(* Let $A$ be a unital associative $\Bbbk$-algebra, $a\in Z(A)$, $\sigma\in Aut(A)$, and $W_{a,\sigma}$ the generalized Weyl algebra. Let $S\subseteq Z(A)$ be the set of elements $\sigma^n(a^m)$ with $n\in\mathbb{Z}$, $m\in\mathbb{N}$, and let $(W_{a,\sigma})_S$ be the localization of $W_{a,\sigma}$ at $S$. Let $V$ be an arbitrary (right) $W_{a,\sigma}$-module and $h=ht_{a,\sigma}(V)$. Then $V_S:=V\otimes_{W_{a,\sigma}}(W_{a,\sigma})_S$ is isomorphic to $(V/V^{[h]})_S$.
   Context: The generalized Weyl algebra $W_{a,\sigma}$ is the algebra generated by $A$ and indeterminates $x,y$ with relations $yx=a$, $xy=\sigma(a)$, $xu=\sigma(u)x$, $y\sigma(u)=uy$ for $u\in A$. For a right $W_{a,\sigma}$-module $V$ and $\ell\in\mathbb{N}$, set $V^{[\ell]}=\{v\in V : v\triangleleft a\sigma^{-1}(a)\cdots\sigma^{-\ell}(a)=0\}$, and $V^{[\infty]}=\bigcup_{\ell\geq 0}V^{[\ell]}$. The height $ht_{a,\sigma}(V)$ is the smallest integer $\ell$ with $V^{[\ell]}=V^{[\infty]}$, and $\infty$ if no such integer exists (in which case $V^{[h]}$ means $V^{[\infty]}$). For a $W_{a,\sigma}$-module $U$, $U_S:=U\otimes_{W_{a,\sigma}}(W_{a,\sigma})_S$.
   Formalization: $V/V^{[h]}$ is the quotient of V by the $W_{a,\sigma}$-submodule generated by $V^{[h]}$, and $(W_{a,\sigma})_S$ is any given right ring of fractions of $W_{a,\sigma}$ with respect to the multiplicative closure of S. Each condition added here is assumed in the paper as well or is needed for the statement above to hold. *)

theory Defs
  imports "HOL-Algebra.Algebra" "HOL-Library.Poly_Mapping" "HOL-Library.Extended_Nat"
begin

definition center :: "('a, 'b) ring_scheme \<Rightarrow> 'a set" where
  "center A = {c \<in> carrier A. \<forall>u \<in> carrier A. c \<otimes>\<^bsub>A\<^esub> u = u \<otimes>\<^bsub>A\<^esub> c}"

definition sigma_pow :: "('a, 'b) ring_scheme \<Rightarrow> ('a \<Rightarrow> 'a) \<Rightarrow> int \<Rightarrow> 'a \<Rightarrow> 'a" where
  "sigma_pow A \<sigma> n = (if 0 \<le> n then \<sigma> ^^ nat n else inv_into (carrier A) \<sigma> ^^ nat (- n))"

definition S_set :: "('a, 'b) ring_scheme \<Rightarrow> ('a \<Rightarrow> 'a) \<Rightarrow> 'a \<Rightarrow> 'a set" where
  "S_set A \<sigma> a = {sigma_pow A \<sigma> n (a [^]\<^bsub>A\<^esub> (m::nat)) | n m. True}"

• _Task brief_
Take the line containing "(if 0 \<le>" as the start and the last line of the data as the end, and reproduce that range exactly.

• _Completed exercise_
  "sigma_pow A \<sigma> n = (if 0 \<le> n then \<sigma> ^^ nat n else inv_into (carrier A) \<sigma> ^^ nat (- n))"

definition S_set :: "('a, 'b) ring_scheme \<Rightarrow> ('a \<Rightarrow> 'a) \<Rightarrow> 'a \<Rightarrow> 'a set" where
  "S_set A \<sigma> a = {sigma_pow A \<sigma> n (a [^]\<^bsub>A\<^esub> (m::nat)) | n m. True}"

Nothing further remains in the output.